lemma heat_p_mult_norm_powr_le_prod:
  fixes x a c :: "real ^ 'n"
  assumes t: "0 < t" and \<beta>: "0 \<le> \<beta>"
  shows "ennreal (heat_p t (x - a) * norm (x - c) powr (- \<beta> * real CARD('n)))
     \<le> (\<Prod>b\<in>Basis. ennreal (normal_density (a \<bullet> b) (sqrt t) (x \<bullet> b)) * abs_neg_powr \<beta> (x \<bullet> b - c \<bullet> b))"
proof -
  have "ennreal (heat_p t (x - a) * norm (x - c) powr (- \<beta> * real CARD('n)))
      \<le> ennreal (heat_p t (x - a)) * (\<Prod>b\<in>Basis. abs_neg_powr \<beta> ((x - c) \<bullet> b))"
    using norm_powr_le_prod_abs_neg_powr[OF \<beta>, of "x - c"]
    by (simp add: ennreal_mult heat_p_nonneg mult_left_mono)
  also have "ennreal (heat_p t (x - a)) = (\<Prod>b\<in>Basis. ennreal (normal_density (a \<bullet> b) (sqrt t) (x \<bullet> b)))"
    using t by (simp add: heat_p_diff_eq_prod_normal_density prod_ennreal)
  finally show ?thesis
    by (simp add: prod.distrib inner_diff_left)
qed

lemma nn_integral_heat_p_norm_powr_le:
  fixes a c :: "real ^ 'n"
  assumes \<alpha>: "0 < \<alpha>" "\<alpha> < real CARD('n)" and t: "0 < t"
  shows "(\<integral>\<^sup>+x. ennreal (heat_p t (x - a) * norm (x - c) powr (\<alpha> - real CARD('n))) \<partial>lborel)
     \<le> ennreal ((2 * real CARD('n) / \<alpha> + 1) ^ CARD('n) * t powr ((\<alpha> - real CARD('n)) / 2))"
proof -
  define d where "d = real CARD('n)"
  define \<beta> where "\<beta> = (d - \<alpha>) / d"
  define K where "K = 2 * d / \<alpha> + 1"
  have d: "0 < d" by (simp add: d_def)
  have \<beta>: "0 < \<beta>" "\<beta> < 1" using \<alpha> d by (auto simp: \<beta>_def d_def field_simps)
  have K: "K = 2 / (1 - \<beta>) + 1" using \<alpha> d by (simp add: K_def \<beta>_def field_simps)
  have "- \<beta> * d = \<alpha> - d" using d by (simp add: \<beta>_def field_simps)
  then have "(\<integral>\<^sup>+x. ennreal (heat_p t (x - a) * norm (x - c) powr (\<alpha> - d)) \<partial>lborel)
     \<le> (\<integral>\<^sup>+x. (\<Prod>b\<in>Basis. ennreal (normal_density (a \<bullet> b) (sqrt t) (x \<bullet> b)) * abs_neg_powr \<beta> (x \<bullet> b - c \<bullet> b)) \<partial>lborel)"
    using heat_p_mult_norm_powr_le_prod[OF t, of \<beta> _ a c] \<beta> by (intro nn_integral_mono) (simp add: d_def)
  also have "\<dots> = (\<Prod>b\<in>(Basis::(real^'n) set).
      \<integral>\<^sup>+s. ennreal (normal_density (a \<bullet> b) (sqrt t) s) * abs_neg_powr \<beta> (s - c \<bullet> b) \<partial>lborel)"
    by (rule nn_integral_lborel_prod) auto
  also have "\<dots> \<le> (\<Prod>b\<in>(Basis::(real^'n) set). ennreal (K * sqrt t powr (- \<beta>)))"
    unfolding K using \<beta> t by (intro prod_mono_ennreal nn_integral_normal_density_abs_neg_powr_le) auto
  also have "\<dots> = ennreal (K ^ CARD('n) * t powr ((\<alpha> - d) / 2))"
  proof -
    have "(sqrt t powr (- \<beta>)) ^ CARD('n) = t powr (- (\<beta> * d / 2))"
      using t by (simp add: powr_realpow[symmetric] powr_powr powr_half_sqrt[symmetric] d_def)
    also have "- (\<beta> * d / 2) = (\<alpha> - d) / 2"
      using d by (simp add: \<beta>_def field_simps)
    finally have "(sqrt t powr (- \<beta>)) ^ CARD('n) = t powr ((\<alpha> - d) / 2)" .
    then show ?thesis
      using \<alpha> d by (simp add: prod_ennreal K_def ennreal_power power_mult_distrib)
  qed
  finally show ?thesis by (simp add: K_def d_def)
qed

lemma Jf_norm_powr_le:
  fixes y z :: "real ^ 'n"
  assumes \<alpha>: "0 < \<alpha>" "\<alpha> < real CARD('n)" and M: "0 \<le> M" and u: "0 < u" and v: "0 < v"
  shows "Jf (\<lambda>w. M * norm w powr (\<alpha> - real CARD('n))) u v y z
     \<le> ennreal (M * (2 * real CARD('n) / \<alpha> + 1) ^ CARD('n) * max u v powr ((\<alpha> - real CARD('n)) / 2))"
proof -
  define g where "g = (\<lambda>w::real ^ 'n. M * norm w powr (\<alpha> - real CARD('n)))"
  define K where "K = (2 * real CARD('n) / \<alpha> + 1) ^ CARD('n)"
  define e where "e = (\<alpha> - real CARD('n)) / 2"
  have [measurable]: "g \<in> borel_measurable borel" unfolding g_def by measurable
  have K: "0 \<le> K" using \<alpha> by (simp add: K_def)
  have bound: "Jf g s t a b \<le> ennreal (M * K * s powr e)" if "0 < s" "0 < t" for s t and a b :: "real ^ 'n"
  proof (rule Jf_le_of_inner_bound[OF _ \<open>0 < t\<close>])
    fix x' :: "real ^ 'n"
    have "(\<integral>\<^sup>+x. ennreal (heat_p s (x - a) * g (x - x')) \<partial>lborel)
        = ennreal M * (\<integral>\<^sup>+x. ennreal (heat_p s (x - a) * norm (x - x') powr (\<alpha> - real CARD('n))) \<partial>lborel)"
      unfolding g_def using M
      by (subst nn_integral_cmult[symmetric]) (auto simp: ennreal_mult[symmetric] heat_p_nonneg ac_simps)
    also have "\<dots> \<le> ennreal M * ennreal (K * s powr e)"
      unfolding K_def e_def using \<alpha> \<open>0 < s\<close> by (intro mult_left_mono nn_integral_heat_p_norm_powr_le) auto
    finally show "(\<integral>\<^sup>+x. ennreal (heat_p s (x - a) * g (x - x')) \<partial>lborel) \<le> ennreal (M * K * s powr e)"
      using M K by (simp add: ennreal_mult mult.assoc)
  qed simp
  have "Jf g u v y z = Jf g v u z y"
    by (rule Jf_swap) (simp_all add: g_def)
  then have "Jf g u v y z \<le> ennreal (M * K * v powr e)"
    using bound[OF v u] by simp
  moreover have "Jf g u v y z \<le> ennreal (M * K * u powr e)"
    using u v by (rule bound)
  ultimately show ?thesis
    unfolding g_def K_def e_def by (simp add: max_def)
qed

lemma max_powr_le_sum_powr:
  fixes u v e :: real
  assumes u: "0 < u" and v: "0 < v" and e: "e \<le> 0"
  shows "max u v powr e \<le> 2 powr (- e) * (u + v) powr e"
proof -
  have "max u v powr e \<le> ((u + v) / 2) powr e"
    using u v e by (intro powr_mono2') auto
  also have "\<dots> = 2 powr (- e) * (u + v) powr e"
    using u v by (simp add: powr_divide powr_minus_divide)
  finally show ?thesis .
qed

========

> _TASK OBJECTIVE_
Beginning with the first line and ending with the last, restate the data word for word.

> _TASK OUTPUT_
lemma heat_p_mult_norm_powr_le_prod:
  fixes x a c :: "real ^ 'n"
  assumes t: "0 < t" and \<beta>: "0 \<le> \<beta>"
  shows "ennreal (heat_p t (x - a) * norm (x - c) powr (- \<beta> * real CARD('n)))
     \<le> (\<Prod>b\<in>Basis. ennreal (normal_density (a \<bullet> b) (sqrt t) (x \<bullet> b)) * abs_neg_powr \<beta> (x \<bullet> b - c \<bullet> b))"
proof -
  have "ennreal (heat_p t (x - a) * norm (x - c) powr (- \<beta> * real CARD('n)))
      \<le> ennreal (heat_p t (x - a)) * (\<Prod>b\<in>Basis. abs_neg_powr \<beta> ((x - c) \<bullet> b))"
    using norm_powr_le_prod_abs_neg_powr[OF \<beta>, of "x - c"]
    by (simp add: ennreal_mult heat_p_nonneg mult_left_mono)
  also have "ennreal (heat_p t (x - a)) = (\<Prod>b\<in>Basis. ennreal (normal_density (a \<bullet> b) (sqrt t) (x \<bullet> b)))"
    using t by (simp add: heat_p_diff_eq_prod_normal_density prod_ennreal)
  finally show ?thesis
    by (simp add: prod.distrib inner_diff_left)
qed

lemma nn_integral_heat_p_norm_powr_le:
  fixes a c :: "real ^ 'n"
  assumes \<alpha>: "0 < \<alpha>" "\<alpha> < real CARD('n)" and t: "0 < t"
  shows "(\<integral>\<^sup>+x. ennreal (heat_p t (x - a) * norm (x - c) powr (\<alpha> - real CARD('n))) \<partial>lborel)
     \<le> ennreal ((2 * real CARD('n) / \<alpha> + 1) ^ CARD('n) * t powr ((\<alpha> - real CARD('n)) / 2))"
proof -
  define d where "d = real CARD('n)"
  define \<beta> where "\<beta> = (d - \<alpha>) / d"
  define K where "K = 2 * d / \<alpha> + 1"
  have d: "0 < d" by (simp add: d_def)
  have \<beta>: "0 < \<beta>" "\<beta> < 1" using \<alpha> d by (auto simp: \<beta>_def d_def field_simps)
  have K: "K = 2 / (1 - \<beta>) + 1" using \<alpha> d by (simp add: K_def \<beta>_def field_simps)
  have "- \<beta> * d = \<alpha> - d" using d by (simp add: \<beta>_def field_simps)
  then have "(\<integral>\<^sup>+x. ennreal (heat_p t (x - a) * norm (x - c) powr (\<alpha> - d)) \<partial>lborel)
     \<le> (\<integral>\<^sup>+x. (\<Prod>b\<in>Basis. ennreal (normal_density (a \<bullet> b) (sqrt t) (x \<bullet> b)) * abs_neg_powr \<beta> (x \<bullet> b - c \<bullet> b)) \<partial>lborel)"
    using heat_p_mult_norm_powr_le_prod[OF t, of \<beta> _ a c] \<beta> by (intro nn_integral_mono) (simp add: d_def)
  also have "\<dots> = (\<Prod>b\<in>(Basis::(real^'n) set).
      \<integral>\<^sup>+s. ennreal (normal_density (a \<bullet> b) (sqrt t) s) * abs_neg_powr \<beta> (s - c \<bullet> b) \<partial>lborel)"
    by (rule nn_integral_lborel_prod) auto
  also have "\<dots> \<le> (\<Prod>b\<in>(Basis::(real^'n) set). ennreal (K * sqrt t powr (- \<beta>)))"
    unfolding K using \<beta> t by (intro prod_mono_ennreal nn_integral_normal_density_abs_neg_powr_le) auto
  also have "\<dots> = ennreal (K ^ CARD('n) * t powr ((\<alpha> - d) / 2))"
  proof -
    have "(sqrt t powr (- \<beta>)) ^ CARD('n) = t powr (- (\<beta> * d / 2))"
      using t by (simp add: powr_realpow[symmetric] powr_powr powr_half_sqrt[symmetric] d_def)
    also have "- (\<beta> * d / 2) = (\<alpha> - d) / 2"
      using d by (simp add: \<beta>_def field_simps)
    finally have "(sqrt t powr (- \<beta>)) ^ CARD('n) = t powr ((\<alpha> - d) / 2)" .
    then show ?thesis
      using \<alpha> d by (simp add: prod_ennreal K_def ennreal_power power_mult_distrib)
  qed
  finally show ?thesis by (simp add: K_def d_def)
qed

lemma Jf_norm_powr_le:
  fixes y z :: "real ^ 'n"
  assumes \<alpha>: "0 < \<alpha>" "\<alpha> < real CARD('n)" and M: "0 \<le> M" and u: "0 < u" and v: "0 < v"
  shows "Jf (\<lambda>w. M * norm w powr (\<alpha> - real CARD('n))) u v y z
     \<le> ennreal (M * (2 * real CARD('n) / \<alpha> + 1) ^ CARD('n) * max u v powr ((\<alpha> - real CARD('n)) / 2))"
proof -
  define g where "g = (\<lambda>w::real ^ 'n. M * norm w powr (\<alpha> - real CARD('n)))"
  define K where "K = (2 * real CARD('n) / \<alpha> + 1) ^ CARD('n)"
  define e where "e = (\<alpha> - real CARD('n)) / 2"
  have [measurable]: "g \<in> borel_measurable borel" unfolding g_def by measurable
  have K: "0 \<le> K" using \<alpha> by (simp add: K_def)
  have bound: "Jf g s t a b \<le> ennreal (M * K * s powr e)" if "0 < s" "0 < t" for s t and a b :: "real ^ 'n"
  proof (rule Jf_le_of_inner_bound[OF _ \<open>0 < t\<close>])
    fix x' :: "real ^ 'n"
    have "(\<integral>\<^sup>+x. ennreal (heat_p s (x - a) * g (x - x')) \<partial>lborel)
        = ennreal M * (\<integral>\<^sup>+x. ennreal (heat_p s (x - a) * norm (x - x') powr (\<alpha> - real CARD('n))) \<partial>lborel)"
      unfolding g_def using M
      by (subst nn_integral_cmult[symmetric]) (auto simp: ennreal_mult[symmetric] heat_p_nonneg ac_simps)
    also have "\<dots> \<le> ennreal M * ennreal (K * s powr e)"
      unfolding K_def e_def using \<alpha> \<open>0 < s\<close> by (intro mult_left_mono nn_integral_heat_p_norm_powr_le) auto
    finally show "(\<integral>\<^sup>+x. ennreal (heat_p s (x - a) * g (x - x')) \<partial>lborel) \<le> ennreal (M * K * s powr e)"
      using M K by (simp add: ennreal_mult mult.assoc)
  qed simp
  have "Jf g u v y z = Jf g v u z y"
    by (rule Jf_swap) (simp_all add: g_def)
  then have "Jf g u v y z \<le> ennreal (M * K * v powr e)"
    using bound[OF v u] by simp
  moreover have "Jf g u v y z \<le> ennreal (M * K * u powr e)"
    using u v by (rule bound)
  ultimately show ?thesis
    unfolding g_def K_def e_def by (simp add: max_def)
qed

lemma max_powr_le_sum_powr:
  fixes u v e :: real
  assumes u: "0 < u" and v: "0 < v" and e: "e \<le> 0"
  shows "max u v powr e \<le> 2 powr (- e) * (u + v) powr e"
proof -
  have "max u v powr e \<le> ((u + v) / 2) powr e"
    using u v e by (intro powr_mono2') auto
  also have "\<dots> = 2 powr (- e) * (u + v) powr e"
    using u v by (simp add: powr_divide powr_minus_divide)
  finally show ?thesis .
qed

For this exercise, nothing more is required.